• Action item: Report every line of the records that contains the word "bool".

• Data extract:
<<<<
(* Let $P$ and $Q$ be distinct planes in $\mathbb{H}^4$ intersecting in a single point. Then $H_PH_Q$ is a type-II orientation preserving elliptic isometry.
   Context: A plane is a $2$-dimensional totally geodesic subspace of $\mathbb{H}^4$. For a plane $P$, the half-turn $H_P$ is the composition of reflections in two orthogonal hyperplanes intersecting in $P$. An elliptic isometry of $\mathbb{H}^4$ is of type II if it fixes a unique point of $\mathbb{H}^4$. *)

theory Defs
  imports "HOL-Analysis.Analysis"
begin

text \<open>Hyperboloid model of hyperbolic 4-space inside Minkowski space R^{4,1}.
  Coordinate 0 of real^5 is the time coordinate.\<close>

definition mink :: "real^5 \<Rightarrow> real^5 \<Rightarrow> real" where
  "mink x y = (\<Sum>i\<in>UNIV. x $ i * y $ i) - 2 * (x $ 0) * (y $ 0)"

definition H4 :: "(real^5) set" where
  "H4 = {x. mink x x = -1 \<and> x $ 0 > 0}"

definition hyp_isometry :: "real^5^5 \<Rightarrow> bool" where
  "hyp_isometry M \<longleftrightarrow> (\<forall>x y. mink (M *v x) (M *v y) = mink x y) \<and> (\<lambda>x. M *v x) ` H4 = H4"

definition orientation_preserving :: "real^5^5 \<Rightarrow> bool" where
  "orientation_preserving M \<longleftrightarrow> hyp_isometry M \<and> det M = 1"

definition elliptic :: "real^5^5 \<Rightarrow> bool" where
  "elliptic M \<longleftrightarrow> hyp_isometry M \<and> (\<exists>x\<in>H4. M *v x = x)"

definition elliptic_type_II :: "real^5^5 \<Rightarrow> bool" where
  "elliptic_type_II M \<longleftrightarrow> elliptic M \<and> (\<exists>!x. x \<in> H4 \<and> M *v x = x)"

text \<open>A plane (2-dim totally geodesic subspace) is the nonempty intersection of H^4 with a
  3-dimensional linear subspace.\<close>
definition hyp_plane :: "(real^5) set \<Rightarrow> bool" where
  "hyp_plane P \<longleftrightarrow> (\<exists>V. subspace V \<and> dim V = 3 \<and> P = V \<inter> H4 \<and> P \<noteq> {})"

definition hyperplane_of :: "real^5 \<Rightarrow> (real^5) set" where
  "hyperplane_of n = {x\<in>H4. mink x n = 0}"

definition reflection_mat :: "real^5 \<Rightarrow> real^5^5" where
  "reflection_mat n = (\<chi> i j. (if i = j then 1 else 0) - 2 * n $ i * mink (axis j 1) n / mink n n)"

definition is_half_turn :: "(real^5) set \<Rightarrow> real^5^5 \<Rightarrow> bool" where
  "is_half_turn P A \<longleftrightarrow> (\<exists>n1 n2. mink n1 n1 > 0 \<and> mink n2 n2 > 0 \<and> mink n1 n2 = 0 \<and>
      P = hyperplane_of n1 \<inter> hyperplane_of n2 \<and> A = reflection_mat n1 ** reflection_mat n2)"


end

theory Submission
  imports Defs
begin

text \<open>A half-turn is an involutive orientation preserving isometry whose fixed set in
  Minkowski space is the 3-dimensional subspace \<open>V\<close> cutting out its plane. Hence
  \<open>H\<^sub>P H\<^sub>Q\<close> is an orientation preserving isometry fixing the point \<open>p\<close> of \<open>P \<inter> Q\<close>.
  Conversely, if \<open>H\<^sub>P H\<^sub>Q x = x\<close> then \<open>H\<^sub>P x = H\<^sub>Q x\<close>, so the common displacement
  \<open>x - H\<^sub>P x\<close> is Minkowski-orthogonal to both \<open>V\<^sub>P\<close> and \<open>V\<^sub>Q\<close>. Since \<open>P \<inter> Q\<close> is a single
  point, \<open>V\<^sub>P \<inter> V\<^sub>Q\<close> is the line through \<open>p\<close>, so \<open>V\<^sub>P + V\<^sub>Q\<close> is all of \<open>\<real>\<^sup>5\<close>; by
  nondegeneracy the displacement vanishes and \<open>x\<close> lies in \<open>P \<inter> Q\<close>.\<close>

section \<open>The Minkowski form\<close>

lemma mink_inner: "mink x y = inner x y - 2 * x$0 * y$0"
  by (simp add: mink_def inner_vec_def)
>>>>
• Solution to this task:
definition hyp_isometry :: "real^5^5 \<Rightarrow> bool" where
definition orientation_preserving :: "real^5^5 \<Rightarrow> bool" where
definition elliptic :: "real^5^5 \<Rightarrow> bool" where
definition elliptic_type_II :: "real^5^5 \<Rightarrow> bool" where
definition hyp_plane :: "(real^5) set \<Rightarrow> bool" where
definition is_half_turn :: "(real^5) set \<Rightarrow> real^5^5 \<Rightarrow> bool" where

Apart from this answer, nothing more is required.